Set the Name input as “accuracies”.

Make this Get list of float card an explicit listener of the On finish event of K-fold cross-validation by dragging & dropping the square socket next to Call into the Get list of float card.

Current pipeline

Press the Create card button, navigate to Statistics and press Mean. A new Mean card will appear in the blueprint.

"Mean" card

Connect the Value output of Get list of float to the Values input of Mean.

Current pipeline

We are almost done. Now we just need to return the obtained value, so Protopipe can generate the final report. Press the Create card button, navigate to Returns and press Return float. A new dialog will appear asking for the name of this return value.

Dialog asking for the name of the return value

Write “Mean accuracy” and press Set. A new Return float card will appear in the blueprint.

Connect the Mean output from Mean to the Value input of Return float.

Current pipeline

That’s it! Our pipeline is ready!

6. Experimenting

Press the Fine tune settings button on the top bar.

"Fine tune settings" button

A new panel will appear at the right side of the screen.

"Fine tune settings" panel

In Assignation of the values choose “Brute-force” and then set “3 samples” for the Mutation probability float parameter.

"Fine tune settings" panel

Press the Start processing button to run all the experiments.

"Start processing" button

A new panel will appear at the right side of the screen, showing real-time information about the state of the processing.

"Processing" panel

When the processing successfully finishes a new dialog will appear.

"Processing finished" dialog

Press See report to open the Reports screen, that will contain a table that summarizes all the experiments performed.

Table of performed experiments

Sort the table by “Mean accuracy” in descending order to check what model performed better.

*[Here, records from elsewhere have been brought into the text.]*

(* Let $n$ be a positive integer, let $u:2^{[n]}\to\mathbb{R}_{\ge 0}$ be a normalized ($u(\emptyset)=0$), monotone, submodular set function, and let $c:2^{[n]}\to\mathbb{R}_{\ge 0}$ be given by $c(S)=\sum_{i\in S}c_i$ for positive costs $c_1,\dots,c_n>0$. Then any permutation of $[n]$ that orders the elements $i\in[n]$ in non-decreasing order of $c(\{i\})$ is an $n$-approximate solution to Min-Sum Submodular Cover on $(u,c)$; that is, its objective value is at most $n$ times the minimum objective value over all permutations of $[n]$.
   Context: $[n]=\{1,\dots,n\}$. Min-Sum Submodular Cover on $(u,c)$: find a permutation of $[n]$ minimizing $\sum_{i=1}^n c(S_i)\,(u(S_i)-u(S_{i-1}))$, where $S_i$ is the set of the first $i$ elements of the permutation and $S_0=\emptyset$. A set function $u$ is monotone if $u(S\cup\{i\})\ge u(S)$ and submodular if $u(S\cup\{i\})-u(S)\ge u(S\cup\{i,j\})-u(S\cup\{j\})$ for all $S\subseteq[n]$, $i,j\notin S$. *)

theory Defs
  imports "HOL-Analysis.Analysis"
begin

text \<open>A permutation of [n] = {1..n} is represented as a bijection
  \<pi> : {1..n} \<rightarrow> {1..n}, where \<pi> k is the k-th element of the ordering.\<close>

definition is_perm :: "nat \<Rightarrow> (nat \<Rightarrow> nat) \<Rightarrow> bool" where
  "is_perm n \<pi> \<longleftrightarrow> bij_betw \<pi> {1..n} {1..n}"

definition prefix_set :: "(nat \<Rightarrow> nat) \<Rightarrow> nat \<Rightarrow> nat set" where
  "prefix_set \<pi> i = \<pi> ` {1..i}"

definition mssc_obj ::
  "nat \<Rightarrow> (nat set \<Rightarrow> real) \<Rightarrow> (nat set \<Rightarrow> real) \<Rightarrow> (nat \<Rightarrow> nat) \<Rightarrow> real" where
  "mssc_obj n u c \<pi> =
     (\<Sum>i=1..n. c (prefix_set \<pi> i) * (u (prefix_set \<pi> i) - u (prefix_set \<pi> (i - 1))))"

definition monotone_sf :: "nat \<Rightarrow> (nat set \<Rightarrow> real) \<Rightarrow> bool" where
  "monotone_sf n u \<longleftrightarrow>
     (\<forall>S i. S \<subseteq> {1..n} \<longrightarrow> i \<in> {1..n} \<longrightarrow> u (insert i S) \<ge> u S)"

definition submodular_sf :: "nat \<Rightarrow> (nat set \<Rightarrow> real) \<Rightarrow> bool" where
  "submodular_sf n u \<longleftrightarrow>
     (\<forall>S i j. S \<subseteq> {1..n} \<longrightarrow> i \<in> {1..n} \<longrightarrow> j \<in> {1..n} \<longrightarrow> i \<notin> S \<longrightarrow> j \<notin> S \<longrightarrow>
        u (insert i S) - u S \<ge> u (insert i (insert j S)) - u (insert j S))"

end

theory Submission
  imports Defs
begin

(* Write a_m = c(pi m) and D_m for the marginal gain of u at step m of pi.
   Since pi is sorted by cost, c(S_m) <= m a_m <= n a_m, so the objective of pi
   is at most n * sum_m a_m D_m.  Conversely, summation by parts writes the
   objective of any sigma as sum_e c_e R_e, where R_e is the utility still
   missing when sigma reaches e.  For every k, the element of pi(k..n) that
   sigma schedules first misses at least u([n]) - u(S_(k-1)) = sum_(m>=k) D_m;
   so the tails of (R_(pi m)) dominate those of (D_m), and weighting by the
   non-decreasing a_m gives sum_m a_m D_m <= obj(sigma). *)

lemma sum_weighted_ge_first_weight:
  fixes a z :: "nat \<Rightarrow> real"
  assumes "k \<le> n" and mono: "mono_on {k..n} a"
    and tails: "\<And>i. k < i \<Longrightarrow> i \<le> n \<Longrightarrow> 0 \<le> (\<Sum>m=i..n. z m)"
  shows "a k * (\<Sum>m=k..n. z m) \<le> (\<Sum>m=k..n. a m * z m)"
  using \<open>k \<le> n\<close>
proof (induction k rule: inc_induct)
  case base
  then show ?case by simp
next
  case (step i)
  have "a i * (\<Sum>m=i..n. z m) = a i * z i + a i * (\<Sum>m=Suc i..n. z m)"
    using step.hyps by (simp add: sum.atLeast_Suc_atMost distrib_left)
  also have "\<dots> \<le> a i * z i + a (Suc i) * (\<Sum>m=Suc i..n. z m)"
    using step.hyps tails[of "Suc i"] mono_onD[OF mono, of i "Suc i"]
    by (auto intro!: mult_right_mono)
  also have "\<dots> \<le> a i * z i + (\<Sum>m=Suc i..n. a m * z m)"
    using step.IH by simp
  also have "\<dots> = (\<Sum>m=i..n. a m * z m)"
    using step.hyps by (simp add: sum.atLeast_Suc_atMost)
  finally show ?case .
qed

Table of performed experiments sorted by mean accuracy

7. Analysis

On the left side panel, under the most recent report node, click on Cross-sectional analysis.

Cross-sectional analysis screen

In this screen you can compare the effect of a parameter (X axis) on a return value (Y axis).

For example, here we can see how the Population size affects Mean accuracy:

Population size vs. Mean accuracy

8. Conclusion

In this tutorial we designed a pipeline for training and testing a classifier and analyzed the obtained results after performing multiple experiments with different combinations of parameter values.

This tutorial can be extended by fine tuning other parameters (e.g., number of labels, use rule weights) or generating reports with the accuracy obtained for each class separately.